At the 11th Outcome Measures in Rheumatology (OMERACT) meeting, held in May 2012, the focus of the Gout Module was to obtain endorsement of specific instruments that measure each of the 5 core domains identified at OMERACT 9 as key outcomes in acute gout trials1. To assist participants in determining whether specific instruments met the OMERACT filter of truth, discrimination, and feasibility necessary for adequate technical performance of outcome instruments, we aimed to calculate the key psychometric properties from recent trials or observational studies of acute gout.
MATERIALS AND METHODS
Patient-level data were generously provided by Merck Sharp & Dohme Corp. (MSD), Novartis, Pfizer, and Regeneron concerning 4 trials of treatment with etoricoxib, canakinumab, celecoxib, and rilonacept, respectively.
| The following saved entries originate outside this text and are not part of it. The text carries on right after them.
lemma useful_edge_at_label_entry:
  assumes T: "finite_tree V E" and L: "labelling_system V E N Lab" and ab: "E a b"
    and i: "i \<in> {1..N}" "i \<notin> Lab a" "i \<in> Lab b"
    and far_side: "(\<Union>x\<in>side E b a. Lab x) \<noteq> {1..N}"
  shows "useful_edge E N Lab a b"
proof -
  have G: "simple_graph V E" and acyclic: "\<nexists>c. is_cycle E c"
    using T unfolding finite_tree_def by auto
  have aV: "a \<in> V" and bV: "b \<in> V" using G ab unfolding simple_graph_def by auto
  have "i \<notin> Lab x" if x: "x \<in> side E a b" for x
  proof
    assume "i \<in> Lab x"
    have "b \<notin> side E a b" by (rule endpoint_not_in_other_side[OF G acyclic ab])
    then have "Lab x \<inter> Lab b \<subseteq> Lab a"
      using label_across_edge[OF T L ab _ x bV] side_subset[OF G aV] x by blast
    then show False using \<open>i \<in> Lab x\<close> i by blast
  qed
  then have "(\<Union>x\<in>side E a b. Lab x) \<noteq> {1..N}" using i(1) by blast
  then show ?thesis using ab far_side unfolding useful_edge_def by blast
qed

section \<open>The descent towards a vertex carrying a label\<close>

lemma descent_to_useful_vertex:
  assumes T: "finite_tree V E" and L: "labelling_system V E N Lab" and i: "i \<in> {1..N}"
    and w: "i \<in> Lab w"
    and ab: "E a b" and far_side: "(\<Union>x\<in>side E b a. Lab x) \<noteq> {1..N}"
    and near: "i \<notin> Lab a" and w_side: "w \<in> side E b a"
  shows "\<exists>x\<in>T_spl_vertices E N Lab. i \<in> Lab x"
  using ab far_side near w_side
proof (induction "card (side E b a)" arbitrary: a b rule: less_induct)
  case less
  have G: "simple_graph V E" and acyclic: "\<nexists>c. is_cycle E c"
    using T unfolding finite_tree_def by auto
  have bV: "b \<in> V" and finV: "finite V"
    using G less.prems(1) unfolding simple_graph_def by blast+
  have all_labels: "(\<Union>v\<in>V. Lab v) = {1..N}" using L unfolding labelling_system_def by blast
  show ?case
  proof (cases "i \<in> Lab b")
    case True
    then have "useful_edge E N Lab a b"
      using useful_edge_at_label_entry[OF T L less.prems(1) i less.prems(3)] less.prems(2) by blast
    then have "b \<in> T_spl_vertices E N Lab" unfolding T_spl_vertices_def by blast
    then show ?thesis using True by blast
  next
    case False
    with w have "w \<noteq> b" by blast
    then obtain c where c: "E b c" "c \<noteq> a" "w \<in> side E c b"
      using side_neighbour[OF less.prems(4)] by blast
    have shrink: "side E c b \<subset> side E b a"
      by (rule side_shrinks[OF G acyclic less.prems(1) c(1,2)])
    have "finite (side E b a)" using finite_subset[OF side_subset[OF G bV] finV] .
    then have smaller: "card (side E c b) < card (side E b a)" using shrink by (rule psubset_card_mono)
    have "(\<Union>x\<in>side E c b. Lab x) \<subseteq> (\<Union>x\<in>side E b a. Lab x)"
      using shrink by (intro UN_mono) auto
    moreover have "(\<Union>x\<in>side E b a. Lab x) \<subseteq> {1..N}"
      using all_labels side_subset[OF G bV, of a] by auto
    ultimately have "(\<Union>x\<in>side E c b. Lab x) \<noteq> {1..N}" using less.prems(2) by auto
    from less.hyps[OF smaller c(1) this False c(3)] show ?thesis .
  qed
qed
lemma separated_points_root_matching:
  fixes q :: "complex poly" and xs :: "complex list"
  assumes "q \<noteq> 0" "degree q = length xs" "distinct xs" "\<rho> > 0"
    and sep: "\<And>x y. x \<in> set xs \<Longrightarrow> y \<in> set xs \<Longrightarrow> x \<noteq> y \<Longrightarrow> 2 * \<rho> \<le> cmod (x - y)"
    and small: "\<And>x. x \<in> set xs \<Longrightarrow> cmod (poly q x) < cmod (lead_coeff q) * \<rho> ^ degree q"
  obtains rr where "mset (map rr xs) = proots q" "\<And>x. x \<in> set xs \<Longrightarrow> cmod (x - rr x) < \<rho>"
proof -
  obtain rr where rr: "\<And>x. x \<in> set xs \<Longrightarrow> rr x \<in># proots q \<and> cmod (x - rr x) < \<rho>"
    using root_near_small_value[OF assms(4) small] by metis
  have "inj_on rr (set xs)"
  proof (rule inj_onI, rule ccontr)
    fix x y assume xy: "x \<in> set xs" "y \<in> set xs" "rr x = rr y" "x \<noteq> y"
    have "cmod (x - y) \<le> cmod (x - rr x) + cmod (y - rr y)"
      using norm_triangle_ineq4[of "x - rr x" "y - rr y"] xy(3) by simp
    also have "\<dots> < 2 * \<rho>" using rr[OF xy(1)] rr[OF xy(2)] by simp
    finally show False using sep[OF xy(1,2,4)] by simp
  qed
  then have "distinct (map rr xs)" using assms(3) by (simp add: distinct_map)
  then have "mset (map rr xs) = proots q"
    using assms(1,2) rr by (intro mset_distinct_roots_eq) auto
  then show ?thesis by (rule that) (use rr in blast)
qed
Treatment allocation was not made available for the canakinumab study (Novartis) because trial results were in publication at the time of this analysis2; nor for the etoricoxib (MSD) dataset. In addition, data from a small observational cohort study of acute gout was provided by Professor Keith Rome (Auckland University of Technology)3. The key characteristics of each study are shown in Table 1 and 2. Note that all studies were active-controlled, although the celecoxib study included an arm with a lower than recommended dose of celecoxib. These studies were pragmatically selected on the basis of availability of patient-level data with which to perform secondary analysis, studies with drugs of different biological mechanisms, and studies of both randomized controlled trials (RCT) and longitudinal observational studies. A systematic review of published trials of acute gout was performed separately and is reported in a companion article4.
Each of the included studies had previously received ethical approval from appropriate ethical review board, and provision of patient-level data to the authors was within the permission given by patients at informed consent.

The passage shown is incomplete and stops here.